How Immigrants and Communities Have Fought Back
Immigrants and their communities have paid a high price for the entanglement between ICE and local criminal justice systems, including deportations, family separations, detrimental effects on public safety, erosion of trust in law enforcement, and expenditure of scarce funds at ICE’s behest. Here are some ways they are fighting back.
Limits on detainers
As the federal government has come to rely more heavily on state and local law enforcement to find people to deport, a number of states and localities, concerned about the negative impact that deportations are having on their communities, have instituted new measures to limit their compliance with ICE’s detainer requests. These include:
- State laws such as the California TRUST Act. Any ICE hold request will be honored only if the person who is the subject of the request has been convicted of a serious crime, as defined by the act.
- City and county ordinances and resolutions such as:
- King County, Washington, ICE Detainer Requests Ordinance 2013-0285. Hold requests will be honored only when the subject of the request has been convicted of serious, violent, sex, or gun crimes within the past 10 years, and hold requests will not be honored for persons under 18.
- Miami Dade County Board of County Commissioners resolution providing that ICE detainers will be honored only if the federal government has agreed to reimburse the county. If there is such a reimbursement agreement, the county Department of Corrections and Rehabilitation can honor a detainer request only if the person has a forcible felony conviction or has been charged with a nonbondable offense under Florida law.
Limits on ICE access to jails and prisoners
City ordinances or policies, such as:
- A Chicago ordinance prohibiting ICE agents from accessing jails and inmates unless they act pursuant to a legitimate law enforcement purpose that is unrelated to enforcement of a civil immigration law.
- A policy instituted at New York City’s Rikers Island jail complex that requires ICE officers operating within the complex to wear uniforms and identify themselves, and provides that immigrants may choose whether or not to speak with an ICE officer by signing a form before they do so.
- A Santa Fe, New Mexico, jail policy of denying ICE access to prisoner lists and prisoners.
Lawsuits challenging jail practices
- Cacho v. Gusman. A settlement of a lawsuit on behalf of two workers who were unlawfully held in Orleans Parish Prison for many months because of ICE detainers. The settlement agreement requires the prison to decline ICE hold requests except for specific serious crimes, prohibits the sheriff from investigating an individual’s immigration status, and prohibits ICE from conducting, in the parish prison, investigations into civil violations of immigration law.
- Harvey v. City of New York. A $145,000 settlement for the wrongful detention of a prisoner based on an expired ICE detainer.
Challenges in immigration court to underlying arrest
- Moving to terminate removal proceedings because state or local law enforcement officers committed Fourth Amendment violations during the arrest that led to immigration enforcement activity.

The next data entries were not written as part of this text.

(* Suppose $\psi\in\Psi^*$, $s,s'\in\Omega_2$ and $|s-s'|\le(\mathcal{L}\log\mathcal{L})^{-1}$. Then $$\frac{F(s,\psi)}{F(s',\psi)}=1+O\big(|s-s'|\mathcal{L}\log\mathcal{L}\big).$$
   Context: Standing conventions: $\chi$ is a real primitive Dirichlet character of modulus $D$, where $D$ exceeds a sufficiently large absolute constant; implied constants are absolute. $\mathcal{L}=\log D$, $Q=\exp(\mathcal{L}^2)$, $\alpha=\mathcal{L}^{-2}$, $s_0=\tfrac12+iD$. Let $\mathcal{Q}$ be the set of integers $q$ with $Q<q<2Q$, $\gcd(q,6)=1$, $q$ squarefree; $\Psi_q$ the set of primitive characters $\psi\bmod q$ with $\psi\chi$ primitive modulo $\mathrm{lcm}(q,D)$; $\Psi=\bigcup_q\Psi_q$. Define $\nu,\upsilon$ by $\sum\nu(n)n^{-s}=\zeta(s)L(s,\chi)$, $\sum\upsilon(n)n^{-s}=\zeta(s)^{-1}L(s,\chi)^{-1}$; $F(s,\psi)=\sum_{n\le D^5}\nu(n)\psi(n)n^{-s}$, $G(s,\psi)=\sum_{n\le D^5}\upsilon(n)\psi(n)n^{-s}$; $\Delta(s,\psi)=L(s,\psi)/L(1-s,\bar\psi)$, $\Delta_1(s,\psi)=\Delta(s,\psi)\Delta(s,\psi\chi)$, $\mathcal{F}(s,\psi)=F(s,\psi)+\Delta_1(s,\psi)F(1-s,\bar\psi)$. $\Omega_1=\{s:-2\alpha^{1/2}<\mathrm{Re}(s-s_0)<1,\ |\mathrm{Im}(s-s_0)|<1+20\mathcal{L}\}$, $\Omega_2=\{s:-\tfrac1{10}\alpha\log\mathcal{L}<\mathrm{Re}(s-s_0)<\tfrac12,\ |\mathrm{Im}(s-s_0)|<1+10\mathcal{L}\}$. $\Psi^*$ is the set of $\psi\in\Psi$ with (I1) $\sup_{\Omega_1}\{|F|+|G|\}<\mathcal{L}^3\log\mathcal{L}$, (I2) $\sup_{\Omega_1}|FG-1|<\tfrac12$, (I3) $\sup_{\Omega_2}|L(s,\psi)L(s,\psi\chi)-\mathcal{F}(s,\psi)|<\mathcal{L}^{-24/5}$. *)

theory Defs
  imports "HOL-Complex_Analysis.Complex_Analysis" "HOL-Computational_Algebra.Squarefree"
          "HOL-Number_Theory.Cong"
begin

definition dchar :: "nat \<Rightarrow> (nat \<Rightarrow> complex) \<Rightarrow> bool" where
  "dchar q \<psi> \<longleftrightarrow> q > 0 \<and> (\<forall>m n. \<psi> (m * n) = \<psi> m * \<psi> n)
      \<and> (\<forall>n. \<psi> (n + q) = \<psi> n) \<and> (\<forall>n. \<psi> n = 0 \<longleftrightarrow> \<not> coprime n q)"

text \<open>Primitive: no proper divisor d of q is an induced modulus.\<close>
definition primitive_dchar :: "nat \<Rightarrow> (nat \<Rightarrow> complex) \<Rightarrow> bool" where
  "primitive_dchar q \<psi> \<longleftrightarrow> dchar q \<psi> \<and>
     (\<forall>d. d dvd q \<and> d < q \<longrightarrow> \<not> (\<forall>n. coprime n q \<and> [n = 1] (mod d) \<longrightarrow> \<psi> n = 1))"

definition real_primitive_dchar :: "nat \<Rightarrow> (nat \<Rightarrow> complex) \<Rightarrow> bool" where
  "real_primitive_dchar D chi \<longleftrightarrow> primitive_dchar D chi \<and> (\<forall>n. chi n \<in> \<real>)"

definition cnj_char :: "(nat \<Rightarrow> complex) \<Rightarrow> nat \<Rightarrow> complex" where
  "cnj_char \<psi> n = cnj (\<psi> n)"

definition mult_char :: "(nat \<Rightarrow> complex) \<Rightarrow> (nat \<Rightarrow> complex) \<Rightarrow> nat \<Rightarrow> complex" where
  "mult_char \<psi> chi n = \<psi> n * chi n"

text \<open>For a non-principal primitive character, L(s,psi) is the (unique) entire function
  agreeing with the Dirichlet series on Re s > 1.\<close>
definition Lfun :: "complex \<Rightarrow> (nat \<Rightarrow> complex) \<Rightarrow> complex" where
  "Lfun s \<psi> = (THE f. f holomorphic_on UNIV \<and>
      (\<forall>z. Re z > 1 \<longrightarrow> f z = (\<Sum>n. \<psi> (Suc n) * of_nat (Suc n) powr (- z)))) s"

Limits on the circumstances in which a stop or arrest can trigger the detention and deportation process
- Expanding access to driver’s licenses, such as through AB 60 in California, so that a person’s not having a license does not trigger an arrest or immigration enforcement activity, paired with limiting police officers’ ability to infer a driver’s immigration status or discriminate against a driver because of the kind of license he or she has.

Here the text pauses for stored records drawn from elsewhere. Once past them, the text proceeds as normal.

(* Let $(X,d)$ be a complete metric space with $|X|\geqslant 3$ and let $T\colon X\to X$ be continuous and asymptotically regular. Suppose there exist $\alpha\in[0,\frac12)$ and a function $F\colon[0,\infty)^3\to[0,\infty)$ with $F(0,0,0)=0$ and $F$ continuous at $(0,0,0)$, such that $$d(Tx,Ty)+d(Ty,Tz)+d(Tx,Tz)\leqslant \alpha\big(d(x,y)+d(y,z)+d(z,x)\big)+F\big(d(x,Tx),d(y,Ty),d(z,Tz)\big)$$ for all pairwise distinct $x,y,z\in X$. Then $T$ has a fixed point, and $T$ has at most two fixed points.
   Context: A mapping $T\colon X\to X$ on a metric space is asymptotically regular if $\lim_{n\to\infty}d(T^{n+1}x,T^nx)=0$ for every $x\in X$. *)

theory Defs
  imports "HOL-Analysis.Analysis"
begin

definition asymptotically_regular :: "('a::metric_space \<Rightarrow> 'a) \<Rightarrow> bool" where
  "asymptotically_regular T \<longleftrightarrow>
     (\<forall>x. (\<lambda>n. dist ((T ^^ Suc n) x) ((T ^^ n) x)) \<longlonglongrightarrow> 0)"

end

theory Submission
  imports Defs
begin

text \<open>Along an orbit \<open>x\<^sub>n = T\<^sup>n x\<^sub>0\<close> without fixed points, the contractive condition applied
  to the triple \<open>x\<^sub>n, x\<^sub>m, x\<^sub>n\<^sub>+\<^sub>1\<close> bounds \<open>(1 - 2\<alpha>) d(x\<^sub>n, x\<^sub>m)\<close> by the step lengths
  \<open>d(x\<^sub>n, x\<^sub>n\<^sub>+\<^sub>1)\<close>, \<open>d(x\<^sub>m, x\<^sub>m\<^sub>+\<^sub>1)\<close>, \<open>d(x\<^sub>n\<^sub>+\<^sub>1, x\<^sub>n\<^sub>+\<^sub>2)\<close> and the value of \<open>F\<close> at them. Asymptotic
  regularity and continuity of \<open>F\<close> at the origin make this bound tend to \<open>0\<close>, so the orbit is
  Cauchy; its limit is a fixed point by continuity of \<open>T\<close>. Three distinct fixed points would
  violate the condition outright, since then \<open>F\<close> is evaluated at the origin and \<open>\<alpha> < 1\<close>.\<close>

lemma no_three_distinct_fixed_points:
  fixes T :: "'a::metric_space \<Rightarrow> 'a"
  assumes "\<alpha> < 1" and "F (0, 0, 0) = 0"
    and contr: "\<And>x y z. distinct [x, y, z] \<Longrightarrow>
        dist (T x) (T y) + dist (T y) (T z) + dist (T x) (T z)
          \<le> \<alpha> * (dist x y + dist y z + dist z x) + F (dist x (T x), dist y (T y), dist z (T z))"
    and "T x = x" "T y = y" "T z = z"
  shows "\<not> distinct [x, y, z]"
proof
  assume xyz: "distinct [x, y, z]"
  define P where "P = dist x y + dist y z + dist z x"
  have "P \<le> \<alpha> * P"
    using contr[OF xyz] assms by (simp add: P_def dist_commute)
  moreover have "P > 0"
    using xyz by (simp add: P_def add_pos_nonneg)
  ultimately show False
    using \<open>\<alpha> < 1\<close> by (simp add: mult_le_cancel_right1)
qed

lemma dist_le_displacements:
  fixes T :: "'a::metric_space \<Rightarrow> 'a"
  assumes "0 \<le> \<alpha>"
    and F_nonneg: "\<And>u v w. 0 \<le> u \<Longrightarrow> 0 \<le> v \<Longrightarrow> 0 \<le> w \<Longrightarrow> 0 \<le> F (u, v, w)"
    and contr: "\<And>x y z. distinct [x, y, z] \<Longrightarrow>
        dist (T x) (T y) + dist (T y) (T z) + dist (T x) (T z)
          \<le> \<alpha> * (dist x y + dist y z + dist z x) + F (dist x (T x), dist y (T y), dist z (T z))"
    and "T y \<noteq> y"
  shows "(1 - 2 * \<alpha>) * dist y z
    \<le> (1 + 2 * \<alpha>) * dist y (T y) + dist z (T z) + F (dist y (T y), dist z (T z), dist (T y) (T (T y)))"
    (is "_ \<le> (1 + 2 * \<alpha>) * ?dy + ?dz + ?F")
proof -
  have "0 \<le> ?F" by (simp add: F_nonneg)
  consider "z = y" | "z = T y" | "distinct [y, z, T y]"
    using \<open>T y \<noteq> y\<close> by auto
  then show ?thesis
  proof cases
    case 1
    with \<open>0 \<le> ?F\<close> \<open>0 \<le> \<alpha>\<close> show ?thesis by simp
  next
    case 2
    with \<open>0 \<le> ?F\<close> \<open>0 \<le> \<alpha>\<close> show ?thesis by (simp add: algebra_simps)
  next
    case 3
    have "dist (T y) (T z) \<le> \<alpha> * (dist y z + dist z (T y) + dist (T y) y) + ?F"
      using contr[OF 3] zero_le_dist[of "T z" "T (T y)"] zero_le_dist[of "T y" "T (T y)"] by linarith
    moreover have "dist y z \<le> ?dy + dist (T y) (T z) + ?dz"
      using dist_triangle[of y z "T y"] dist_triangle[of "T y" z "T z"]
      by (simp add: dist_commute)
    moreover have "\<alpha> * dist z (T y) \<le> \<alpha> * (dist y z + ?dy)"
      using \<open>0 \<le> \<alpha>\<close> by (intro mult_left_mono) (simp_all add: dist_triangle3 dist_commute)
    moreover have "dist (T y) y = ?dy"
      by (rule dist_commute)
    ultimately show ?thesis
      by (simp only: distrib_left left_diff_distrib distrib_right mult_1_left)
  qed
qed

lemma Cauchy_if_dist_le_tendsto_zero:
  fixes x :: "nat \<Rightarrow> 'a::metric_space"
  assumes "(b \<longlongrightarrow> 0) (sequentially \<times>\<^sub>F sequentially)"
    and "\<And>n m. dist (x n) (x m) \<le> b (n, m)"
  shows "Cauchy x"
proof (rule metric_CauchyI)
  fix e :: real
  assume "0 < e"
  with assms(1) have "eventually (\<lambda>p. b p < e) (sequentially \<times>\<^sub>F sequentially)"
    by (auto dest: order_tendstoD(2))
  then show "\<exists>M. \<forall>m\<ge>M. \<forall>n\<ge>M. dist (x m) (x n) < e"
    unfolding eventually_prod_sequentially
    by (metis assms(2) dist_commute order.strict_trans1)
qed

lemma tendsto_continuous_at_zero_octant:
  fixes F :: "real \<times> real \<times> real \<Rightarrow> real"
  assumes "F (0, 0, 0) = 0"
    and "continuous (at (0, 0, 0) within {p. 0 \<le> fst p \<and> 0 \<le> fst (snd p) \<and> 0 \<le> snd (snd p)}) F"
    and "(u \<longlongrightarrow> 0) G" "(v \<longlongrightarrow> 0) G" "(w \<longlongrightarrow> 0) G"
    and "\<And>i. 0 \<le> u i" "\<And>i. 0 \<le> v i" "\<And>i. 0 \<le> w i"
  shows "((\<lambda>i. F (u i, v i, w i)) \<longlongrightarrow> 0) G"
  using continuous_within_tendsto_compose'[OF assms(2), of "\<lambda>i. (u i, v i, w i)"] assms
  by (simp add: tendsto_Pair)

lemma continuous_orbit_limit_is_fixed_point:
  fixes T :: "'a::t2_space \<Rightarrow> 'a"
  assumes "continuous_on UNIV T" and "(\<lambda>n. (T ^^ n) x) \<longlonglongrightarrow> L"
  shows "T L = L"
proof (rule LIMSEQ_unique[of "\<lambda>n. T ((T ^^ n) x)"])
  show "(\<lambda>n. T ((T ^^ n) x)) \<longlonglongrightarrow> T L"
    by (rule continuous_on_tendsto_compose[OF assms]) simp_all
  show "(\<lambda>n. T ((T ^^ n) x)) \<longlonglongrightarrow> L"
    using LIMSEQ_Suc[OF assms(2)] by simp
qed

lemma orbit_Cauchy_if_fixed_point_free:
  fixes T :: "'a::metric_space \<Rightarrow> 'a"
  assumes asreg: "asymptotically_regular T"
    and alpha: "0 \<le> \<alpha>" "\<alpha> < 1/2"
    and F_nonneg: "\<And>u v w. 0 \<le> u \<Longrightarrow> 0 \<le> v \<Longrightarrow> 0 \<le> w \<Longrightarrow> 0 \<le> F (u, v, w)"
    and F_zero: "F (0, 0, 0) = 0"
    and F_cont: "continuous (at (0, 0, 0) within {p. 0 \<le> fst p \<and> 0 \<le> fst (snd p) \<and> 0 \<le> snd (snd p)}) F"
    and contr: "\<And>x y z. distinct [x, y, z] \<Longrightarrow>
        dist (T x) (T y) + dist (T y) (T z) + dist (T x) (T z)
          \<le> \<alpha> * (dist x y + dist y z + dist z x) + F (dist x (T x), dist y (T y), dist z (T z))"
    and fixed_point_free: "\<And>x. T x \<noteq> x"
  shows "Cauchy (\<lambda>n. (T ^^ n) x\<^sub>0)"
proof -
  define x where "x n = (T ^^ n) x\<^sub>0" for n
  define d where "d n = dist (x n) (x (Suc n))" for n
  define b where "b = (\<lambda>(n, m). ((1 + 2 * \<alpha>) * d n + d m + F (d n, d m, d (Suc n))) / (1 - 2 * \<alpha>))"
  have x_Suc: "T (x n) = x (Suc n)" for n
    by (simp add: x_def)
  have "dist (x n) (x m) \<le> b (n, m)" for n m
    using dist_le_displacements[OF alpha(1) F_nonneg contr fixed_point_free, of "x n" "x m"] alpha(2)
    by (simp add: b_def d_def x_Suc pos_le_divide_eq mult.commute)
  moreover have "(b \<longlongrightarrow> 0) (sequentially \<times>\<^sub>F sequentially)"
  proof -
    have "d \<longlonglongrightarrow> 0"
      using asreg unfolding asymptotically_regular_def d_def x_def by (simp add: dist_commute)
    then have "((\<lambda>p. d (fst p)) \<longlongrightarrow> 0) (sequentially \<times>\<^sub>F sequentially)"
      and "((\<lambda>p. d (snd p)) \<longlongrightarrow> 0) (sequentially \<times>\<^sub>F sequentially)"
      and "((\<lambda>p. d (Suc (fst p))) \<longlongrightarrow> 0) (sequentially \<times>\<^sub>F sequentially)"
      using filterlim_compose[OF _ filterlim_fst] filterlim_compose[OF _ filterlim_snd]
        LIMSEQ_Suc by blast+
    then have "((\<lambda>p. F (d (fst p), d (snd p), d (Suc (fst p)))) \<longlongrightarrow> 0) (sequentially \<times>\<^sub>F sequentially)"
      by (intro tendsto_continuous_at_zero_octant[OF F_zero F_cont]) (simp_all add: d_def)
    with alpha(2) \<open>((\<lambda>p. d (fst p)) \<longlongrightarrow> 0) _\<close> \<open>((\<lambda>p. d (snd p)) \<longlongrightarrow> 0) _\<close> show ?thesis
      unfolding b_def case_prod_beta by (auto intro!: tendsto_eq_intros)
  qed
  ultimately have "Cauchy x"
    by (intro Cauchy_if_dist_le_tendsto_zero)
  then show ?thesis
    by (simp add: x_def[abs_def])
qed

lemma fixed_point_exists:
  fixes T :: "'a::complete_space \<Rightarrow> 'a"
  assumes contT: "continuous_on UNIV T"
    and asreg: "asymptotically_regular T"
    and alpha: "0 \<le> \<alpha>" "\<alpha> < 1/2"
    and F_nonneg: "\<And>u v w. 0 \<le> u \<Longrightarrow> 0 \<le> v \<Longrightarrow> 0 \<le> w \<Longrightarrow> 0 \<le> F (u, v, w)"
    and F_zero: "F (0, 0, 0) = 0"
    and F_cont: "continuous (at (0, 0, 0) within {p. 0 \<le> fst p \<and> 0 \<le> fst (snd p) \<and> 0 \<le> snd (snd p)}) F"
    and contr: "\<And>x y z. distinct [x, y, z] \<Longrightarrow>
        dist (T x) (T y) + dist (T y) (T z) + dist (T x) (T z)
          \<le> \<alpha> * (dist x y + dist y z + dist z x) + F (dist x (T x), dist y (T y), dist z (T z))"
  shows "\<exists>x. T x = x"
proof (rule ccontr)
  fix x\<^sub>0 :: 'a
  assume no_fixed_point: "\<nexists>x. T x = x"
  then have "Cauchy (\<lambda>n. (T ^^ n) x\<^sub>0)"
    by (intro orbit_Cauchy_if_fixed_point_free[OF asreg alpha F_nonneg F_zero F_cont contr]) auto
  then obtain L where "(\<lambda>n. (T ^^ n) x\<^sub>0) \<longlonglongrightarrow> L"
    using Cauchy_convergent_iff convergent_def by blast
  then have "T L = L"
    by (rule continuous_orbit_limit_is_fixed_point[OF contT])
  with no_fixed_point show False
    by blast
qed

theorem theorem4p5:
  fixes T :: "'a::complete_space \<Rightarrow> 'a"
    and F :: "real \<times> real \<times> real \<Rightarrow> real"
    and \<alpha> :: real
  assumes card3: "\<exists>a b c :: 'a. distinct [a, b, c]"
    and contT: "continuous_on UNIV T"
    and asreg: "asymptotically_regular T"
    and alpha: "0 \<le> \<alpha>" "\<alpha> < 1/2"
    and F_nonneg: "\<And>u v w. 0 \<le> u \<Longrightarrow> 0 \<le> v \<Longrightarrow> 0 \<le> w \<Longrightarrow> 0 \<le> F (u, v, w)"
    and F_zero: "F (0, 0, 0) = 0"
    and F_cont: "continuous (at (0, 0, 0) within {p. 0 \<le> fst p \<and> 0 \<le> fst (snd p) \<and> 0 \<le> snd (snd p)}) F"
    and contr: "\<And>x y z. distinct [x, y, z] \<Longrightarrow>
        dist (T x) (T y) + dist (T y) (T z) + dist (T x) (T z)
          \<le> \<alpha> * (dist x y + dist y z + dist z x) + F (dist x (T x), dist y (T y), dist z (T z))"
  shows "(\<exists>x. T x = x) \<and> (\<forall>x y z. T x = x \<and> T y = y \<and> T z = z \<longrightarrow> \<not> distinct [x, y, z])"
proof
  show "\<exists>x. T x = x"
    by (rule fixed_point_exists[OF contT asreg alpha F_nonneg F_zero F_cont contr])
  have "\<alpha> < 1"
    using alpha by simp
  then show "\<forall>x y z. T x = x \<and> T y = y \<and> T z = z \<longrightarrow> \<not> distinct [x, y, z]"
    using no_three_distinct_fixed_points[OF _ F_zero contr] by blast
qed

end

NILC’s issue brief “What DHS Can Do Right Now” lists the practical steps DHS could take to ensure that its detention and deportation system does not split families apart and remove from our communities people who would benefit from immigration reform. But even if DHS were to take these steps, this would not dismantle the infrastructure that allows ICE to mine state criminal justice systems for detention and deportation purposes. It will be critical to continue to support communities in their efforts to untangle themselves from ICE’s detention-deportation web.